Sechs Musiker saßen vor einigen Tagen, als dies noch nicht reglementiert war, mit Kneipenwirt Frank Pfitzmann im Forster „Manitu“ zusammen, um neue Ideen zu besprechen und auszuprobieren.

Herausgekommen sind zwei konkrete Projekte. Das eine ist der neue Forster Musiker-Stammtisch. Er richtet sich an alle Musiker und Musik-Interessierte der Stadt. Der erste Stammtisch sollte eigentlich schon am 24. März stattfinden - und wird nun verschoben, bis sich die Lage normalisiert.
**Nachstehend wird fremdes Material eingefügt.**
(* Let $T$ be an unmixed tree. Then the stable complex $\mathcal{S}(T)$ is shellable.
   Context: For a finite simple graph $G=(V,E)$, $N(v)=\{u: uv\in E\}$ and $N(D)=\bigcup_{v\in D}N(v)$. A set $D\subseteq V$ is a total dominating set (TD-set) if $N(D)=V$, and a minimal TD-set if no proper subset is a TD-set. $G$ is unmixed if all minimal TD-sets of $G$ have the same size. The stable complex $\mathcal{S}(G)$ is the simplicial complex on $V$ whose facets are the sets $V\setminus D$ with $D$ a minimal TD-set of $G$. A pure simplicial complex is shellable if its facets admit an ordering $F_1,\dots,F_m$ such that for all $1\le i<j\le m$ there exist $v\in F_j\setminus F_i$ and $k<j$ with $F_j\setminus F_k=\{v\}$. *)

theory Defs
  imports Main
begin

definition simple_graph :: "'a set \<Rightarrow> 'a set set \<Rightarrow> bool" where
  "simple_graph V E \<longleftrightarrow> finite V \<and> (\<forall>e\<in>E. e \<subseteq> V \<and> card e = 2)"

definition nbhd :: "'a set set \<Rightarrow> 'a \<Rightarrow> 'a set" where
  "nbhd E v = {u. {u, v} \<in> E}"

definition nbhd_set :: "'a set set \<Rightarrow> 'a set \<Rightarrow> 'a set" where
  "nbhd_set E D = (\<Union>v\<in>D. nbhd E v)"

definition is_walk :: "'a set \<Rightarrow> 'a set set \<Rightarrow> 'a list \<Rightarrow> bool" where
  "is_walk V E p \<longleftrightarrow> p \<noteq> [] \<and> set p \<subseteq> V \<and>
     (\<forall>i. Suc i < length p \<longrightarrow> {p ! i, p ! Suc i} \<in> E)"

definition connected_graph :: "'a set \<Rightarrow> 'a set set \<Rightarrow> bool" where
  "connected_graph V E \<longleftrightarrow> V \<noteq> {} \<and>
     (\<forall>u\<in>V. \<forall>v\<in>V. \<exists>p. is_walk V E p \<and> hd p = u \<and> last p = v)"

definition has_cycle :: "'a set \<Rightarrow> 'a set set \<Rightarrow> bool" where
  "has_cycle V E \<longleftrightarrow> (\<exists>p. is_walk V E p \<and> distinct p \<and> length p \<ge> 3 \<and> {last p, hd p} \<in> E)"

definition is_tree :: "'a set \<Rightarrow> 'a set set \<Rightarrow> bool" where
  "is_tree V E \<longleftrightarrow> simple_graph V E \<and> connected_graph V E \<and> \<not> has_cycle V E"

definition total_dom_set :: "'a set \<Rightarrow> 'a set set \<Rightarrow> 'a set \<Rightarrow> bool" where
  "total_dom_set V E D \<longleftrightarrow> D \<subseteq> V \<and> nbhd_set E D = V"

definition minimal_total_dom_set :: "'a set \<Rightarrow> 'a set set \<Rightarrow> 'a set \<Rightarrow> bool" where
  "minimal_total_dom_set V E D \<longleftrightarrow> total_dom_set V E D \<and>
     (\<forall>D'. D' \<subset> D \<longrightarrow> \<not> total_dom_set V E D')"

definition unmixed :: "'a set \<Rightarrow> 'a set set \<Rightarrow> bool" where
  "unmixed V E \<longleftrightarrow> (\<forall>D1 D2. minimal_total_dom_set V E D1 \<longrightarrow> minimal_total_dom_set V E D2
      \<longrightarrow> card D1 = card D2)"

definition stable_complex_facets :: "'a set \<Rightarrow> 'a set set \<Rightarrow> 'a set set" where
  "stable_complex_facets V E = {V - D | D. minimal_total_dom_set V E D}"

definition pure_facets :: "'a set set \<Rightarrow> bool" where
  "pure_facets \<F> \<longleftrightarrow> (\<forall>F\<in>\<F>. \<forall>G\<in>\<F>. card F = card G)"

definition shelling_order :: "'a set list \<Rightarrow> bool" where
  "shelling_order Fs \<longleftrightarrow> (\<forall>i j. i < j \<longrightarrow> j < length Fs \<longrightarrow>
     (\<exists>v \<in> Fs ! j - Fs ! i. \<exists>k < j. Fs ! j - Fs ! k = {v}))"

definition shellable :: "'a set set \<Rightarrow> bool" where
  "shellable \<F> \<longleftrightarrow> pure_facets \<F> \<and>
     (\<exists>Fs. distinct Fs \<and> set Fs = \<F> \<and> shelling_order Fs)"

end

theory Submission
  imports Defs
begin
Das zweite Projekt ist die erste Kneipennacht der Forster Musikszene. Sie soll laut Konzept am 6. Juni 2020 auf dem illuminierten Gelände des „Manitu“ starten.

„Inwieweit sich das entwickelt, steht aber in den Sternen. Wir werden entsprechend reagieren“, sagt Frank Pfitzmann, bei dem derzeit die Telefone heiß klingeln, da alle gebuchten Bands ihre Termine in das Jahr 2021 verlegen wollen.

Kneipennacht soll ein Festival für Forster werden

Das Team um Frank Pfitzmann hat sich nun schon seit über 20 Jahren weit über die Landesgrenzen hinaus in der Musikszene einen Namen gemacht. Musiker und Bands, selbst aus Übersee, die ansonsten nur auf großen Bühnen spielen, kommen dadurch nach Forst. Sehr geschätzte wird dabei die persönliche, familiäre Atmosphäre.

Was sich im Großen bei den Konzerten etabliert hat, soll nun mit der Kneipennacht im Kleinen starten: Ein kleines Musikfestival mit Forster Musikern – für Forster und ihre Gäste.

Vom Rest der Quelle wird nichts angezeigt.